The exercise asks you to copy every line below in which "injective" appears.
•••••
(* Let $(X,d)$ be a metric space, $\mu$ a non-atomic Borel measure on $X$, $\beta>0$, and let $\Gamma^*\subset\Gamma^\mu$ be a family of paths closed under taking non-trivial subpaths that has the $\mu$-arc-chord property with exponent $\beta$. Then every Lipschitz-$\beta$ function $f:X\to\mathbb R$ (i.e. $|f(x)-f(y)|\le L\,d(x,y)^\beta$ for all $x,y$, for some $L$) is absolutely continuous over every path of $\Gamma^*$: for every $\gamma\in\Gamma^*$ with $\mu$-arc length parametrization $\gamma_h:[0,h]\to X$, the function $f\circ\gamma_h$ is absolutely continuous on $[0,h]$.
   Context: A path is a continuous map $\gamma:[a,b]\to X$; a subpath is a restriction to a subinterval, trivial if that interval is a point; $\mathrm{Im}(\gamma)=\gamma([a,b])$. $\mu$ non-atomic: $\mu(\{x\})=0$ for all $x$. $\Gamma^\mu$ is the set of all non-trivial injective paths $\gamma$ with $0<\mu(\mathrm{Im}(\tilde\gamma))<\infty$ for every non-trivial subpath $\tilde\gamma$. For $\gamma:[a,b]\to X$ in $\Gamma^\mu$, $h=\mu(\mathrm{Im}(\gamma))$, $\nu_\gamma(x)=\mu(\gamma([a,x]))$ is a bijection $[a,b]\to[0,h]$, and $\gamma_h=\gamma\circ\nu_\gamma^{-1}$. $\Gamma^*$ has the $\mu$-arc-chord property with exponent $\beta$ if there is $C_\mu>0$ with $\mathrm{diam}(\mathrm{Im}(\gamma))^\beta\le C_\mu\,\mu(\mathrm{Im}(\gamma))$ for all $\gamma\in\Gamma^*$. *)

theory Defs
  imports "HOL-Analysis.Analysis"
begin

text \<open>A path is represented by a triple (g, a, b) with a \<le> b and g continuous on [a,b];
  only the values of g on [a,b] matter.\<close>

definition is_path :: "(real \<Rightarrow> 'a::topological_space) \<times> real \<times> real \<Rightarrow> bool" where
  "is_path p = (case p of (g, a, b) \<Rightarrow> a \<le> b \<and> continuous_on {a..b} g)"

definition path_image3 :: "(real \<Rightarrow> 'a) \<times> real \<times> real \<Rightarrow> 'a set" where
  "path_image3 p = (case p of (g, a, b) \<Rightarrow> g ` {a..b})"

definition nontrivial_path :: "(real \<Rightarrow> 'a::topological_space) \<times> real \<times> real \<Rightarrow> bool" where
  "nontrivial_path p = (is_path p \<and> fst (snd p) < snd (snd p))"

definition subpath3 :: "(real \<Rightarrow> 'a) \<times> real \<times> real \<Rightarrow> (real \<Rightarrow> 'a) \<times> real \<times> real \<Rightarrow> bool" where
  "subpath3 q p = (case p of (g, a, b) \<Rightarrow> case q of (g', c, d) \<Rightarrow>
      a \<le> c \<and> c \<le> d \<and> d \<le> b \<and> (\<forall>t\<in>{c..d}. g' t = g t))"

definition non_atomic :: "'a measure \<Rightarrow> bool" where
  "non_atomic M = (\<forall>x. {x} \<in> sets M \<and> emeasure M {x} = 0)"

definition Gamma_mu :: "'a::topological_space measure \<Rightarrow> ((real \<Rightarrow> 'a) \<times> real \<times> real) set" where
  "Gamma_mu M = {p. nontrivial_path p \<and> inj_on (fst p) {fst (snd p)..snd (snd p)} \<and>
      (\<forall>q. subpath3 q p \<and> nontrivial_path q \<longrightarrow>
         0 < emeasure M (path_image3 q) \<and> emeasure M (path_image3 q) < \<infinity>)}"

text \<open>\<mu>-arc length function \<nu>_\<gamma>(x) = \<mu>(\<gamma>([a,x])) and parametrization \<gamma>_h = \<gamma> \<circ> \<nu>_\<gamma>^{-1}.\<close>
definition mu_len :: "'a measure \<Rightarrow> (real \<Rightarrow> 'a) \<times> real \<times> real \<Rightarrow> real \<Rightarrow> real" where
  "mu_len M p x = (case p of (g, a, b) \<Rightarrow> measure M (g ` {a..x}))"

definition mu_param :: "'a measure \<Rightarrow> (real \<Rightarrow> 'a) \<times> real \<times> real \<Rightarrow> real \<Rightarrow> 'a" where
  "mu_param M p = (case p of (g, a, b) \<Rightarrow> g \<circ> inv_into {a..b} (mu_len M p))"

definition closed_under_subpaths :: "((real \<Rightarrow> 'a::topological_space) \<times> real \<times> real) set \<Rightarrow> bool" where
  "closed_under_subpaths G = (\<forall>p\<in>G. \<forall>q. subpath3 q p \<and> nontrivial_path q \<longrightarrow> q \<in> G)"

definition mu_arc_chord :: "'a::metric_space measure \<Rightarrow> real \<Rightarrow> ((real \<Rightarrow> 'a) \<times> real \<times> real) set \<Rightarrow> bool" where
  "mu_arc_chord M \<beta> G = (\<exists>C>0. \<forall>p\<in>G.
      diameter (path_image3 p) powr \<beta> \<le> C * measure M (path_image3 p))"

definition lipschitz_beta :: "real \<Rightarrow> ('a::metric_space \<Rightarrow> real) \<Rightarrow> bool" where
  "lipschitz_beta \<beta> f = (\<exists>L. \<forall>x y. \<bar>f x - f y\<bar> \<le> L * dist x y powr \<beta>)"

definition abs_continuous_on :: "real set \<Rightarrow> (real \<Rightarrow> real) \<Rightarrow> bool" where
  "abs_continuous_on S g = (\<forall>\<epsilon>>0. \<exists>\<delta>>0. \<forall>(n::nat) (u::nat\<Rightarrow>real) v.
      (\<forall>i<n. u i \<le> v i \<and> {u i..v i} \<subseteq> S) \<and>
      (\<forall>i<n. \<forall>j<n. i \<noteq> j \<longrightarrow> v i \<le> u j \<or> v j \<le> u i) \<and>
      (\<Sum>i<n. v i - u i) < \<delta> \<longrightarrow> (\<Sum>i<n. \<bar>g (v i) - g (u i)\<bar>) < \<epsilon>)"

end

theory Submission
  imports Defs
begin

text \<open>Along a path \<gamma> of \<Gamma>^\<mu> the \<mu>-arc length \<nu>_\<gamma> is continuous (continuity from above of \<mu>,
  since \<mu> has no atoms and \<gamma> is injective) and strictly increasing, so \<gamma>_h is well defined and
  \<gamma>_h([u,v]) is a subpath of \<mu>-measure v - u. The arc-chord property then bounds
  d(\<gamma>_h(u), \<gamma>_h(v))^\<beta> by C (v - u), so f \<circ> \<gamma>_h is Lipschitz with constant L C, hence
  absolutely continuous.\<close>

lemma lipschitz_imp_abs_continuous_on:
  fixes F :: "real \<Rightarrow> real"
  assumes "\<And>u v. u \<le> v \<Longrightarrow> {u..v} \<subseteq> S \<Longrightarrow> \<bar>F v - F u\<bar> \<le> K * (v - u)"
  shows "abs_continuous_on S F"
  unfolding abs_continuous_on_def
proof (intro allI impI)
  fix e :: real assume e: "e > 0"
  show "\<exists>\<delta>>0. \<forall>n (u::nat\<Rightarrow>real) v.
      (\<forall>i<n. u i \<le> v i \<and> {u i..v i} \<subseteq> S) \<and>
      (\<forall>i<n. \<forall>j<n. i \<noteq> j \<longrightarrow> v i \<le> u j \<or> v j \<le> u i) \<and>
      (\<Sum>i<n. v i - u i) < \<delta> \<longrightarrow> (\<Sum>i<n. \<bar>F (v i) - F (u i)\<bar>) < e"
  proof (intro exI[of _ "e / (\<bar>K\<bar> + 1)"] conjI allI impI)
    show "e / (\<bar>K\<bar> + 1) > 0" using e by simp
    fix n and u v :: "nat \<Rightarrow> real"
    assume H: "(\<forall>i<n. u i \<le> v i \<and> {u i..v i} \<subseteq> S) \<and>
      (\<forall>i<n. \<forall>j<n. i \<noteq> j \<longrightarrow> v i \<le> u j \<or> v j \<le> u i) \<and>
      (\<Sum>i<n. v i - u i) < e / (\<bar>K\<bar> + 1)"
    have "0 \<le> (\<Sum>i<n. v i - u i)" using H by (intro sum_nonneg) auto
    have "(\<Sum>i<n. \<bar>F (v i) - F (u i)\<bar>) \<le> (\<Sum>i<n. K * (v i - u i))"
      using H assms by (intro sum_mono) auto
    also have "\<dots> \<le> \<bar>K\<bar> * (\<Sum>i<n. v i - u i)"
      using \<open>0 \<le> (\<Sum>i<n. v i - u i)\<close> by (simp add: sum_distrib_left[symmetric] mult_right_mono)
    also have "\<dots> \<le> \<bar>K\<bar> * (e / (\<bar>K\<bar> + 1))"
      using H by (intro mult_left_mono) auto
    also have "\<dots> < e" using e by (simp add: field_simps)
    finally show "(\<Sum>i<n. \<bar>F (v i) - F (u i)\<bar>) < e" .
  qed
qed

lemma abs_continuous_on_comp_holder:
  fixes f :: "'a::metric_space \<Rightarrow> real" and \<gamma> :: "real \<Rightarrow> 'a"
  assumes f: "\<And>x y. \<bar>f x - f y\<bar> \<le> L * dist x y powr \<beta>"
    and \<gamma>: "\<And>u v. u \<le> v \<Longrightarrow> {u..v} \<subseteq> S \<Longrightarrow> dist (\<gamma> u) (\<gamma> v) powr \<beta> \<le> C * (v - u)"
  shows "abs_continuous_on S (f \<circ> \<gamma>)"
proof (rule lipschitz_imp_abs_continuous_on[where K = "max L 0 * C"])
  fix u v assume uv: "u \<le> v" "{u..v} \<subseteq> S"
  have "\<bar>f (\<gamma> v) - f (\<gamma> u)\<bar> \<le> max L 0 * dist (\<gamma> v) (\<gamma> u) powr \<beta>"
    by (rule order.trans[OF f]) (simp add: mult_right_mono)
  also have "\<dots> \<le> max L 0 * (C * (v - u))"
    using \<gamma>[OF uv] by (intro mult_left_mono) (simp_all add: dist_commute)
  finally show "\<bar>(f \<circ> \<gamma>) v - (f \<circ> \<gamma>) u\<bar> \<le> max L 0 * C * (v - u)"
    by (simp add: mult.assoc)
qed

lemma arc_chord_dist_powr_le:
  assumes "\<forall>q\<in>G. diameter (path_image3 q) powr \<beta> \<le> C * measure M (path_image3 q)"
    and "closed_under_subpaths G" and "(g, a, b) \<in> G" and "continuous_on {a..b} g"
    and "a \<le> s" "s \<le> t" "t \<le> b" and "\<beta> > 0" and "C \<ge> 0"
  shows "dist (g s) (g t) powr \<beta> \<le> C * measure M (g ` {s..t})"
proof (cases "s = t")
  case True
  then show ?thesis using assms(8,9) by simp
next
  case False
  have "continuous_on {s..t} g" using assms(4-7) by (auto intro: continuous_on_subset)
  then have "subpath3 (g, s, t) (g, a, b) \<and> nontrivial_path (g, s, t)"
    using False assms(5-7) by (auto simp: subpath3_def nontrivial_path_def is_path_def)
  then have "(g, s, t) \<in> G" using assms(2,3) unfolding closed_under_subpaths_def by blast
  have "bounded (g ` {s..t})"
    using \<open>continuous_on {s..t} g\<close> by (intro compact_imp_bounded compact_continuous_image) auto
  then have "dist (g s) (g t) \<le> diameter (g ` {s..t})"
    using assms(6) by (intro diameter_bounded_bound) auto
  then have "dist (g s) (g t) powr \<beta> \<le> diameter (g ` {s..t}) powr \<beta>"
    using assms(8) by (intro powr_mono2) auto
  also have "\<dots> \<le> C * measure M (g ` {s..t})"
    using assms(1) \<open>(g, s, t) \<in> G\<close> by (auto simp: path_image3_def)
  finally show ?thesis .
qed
•••••
> **Result for this exercise**
   Context: A path is a continuous map $\gamma:[a,b]\to X$; a subpath is a restriction to a subinterval, trivial if that interval is a point; $\mathrm{Im}(\gamma)=\gamma([a,b])$. $\mu$ non-atomic: $\mu(\{x\})=0$ for all $x$. $\Gamma^\mu$ is the set of all non-trivial injective paths $\gamma$ with $0<\mu(\mathrm{Im}(\tilde\gamma))<\infty$ for every non-trivial subpath $\tilde\gamma$. For $\gamma:[a,b]\to X$ in $\Gamma^\mu$, $h=\mu(\mathrm{Im}(\gamma))$, $\nu_\gamma(x)=\mu(\gamma([a,x]))$ is a bijection $[a,b]\to[0,h]$, and $\gamma_h=\gamma\circ\nu_\gamma^{-1}$. $\Gamma^*$ has the $\mu$-arc-chord property with exponent $\beta$ if there is $C_\mu>0$ with $\mathrm{diam}(\mathrm{Im}(\gamma))^\beta\le C_\mu\,\mu(\mathrm{Im}(\gamma))$ for all $\gamma\in\Gamma^*$. *)
  since \<mu> has no atoms and \<gamma> is injective) and strictly increasing, so \<gamma>_h is well defined and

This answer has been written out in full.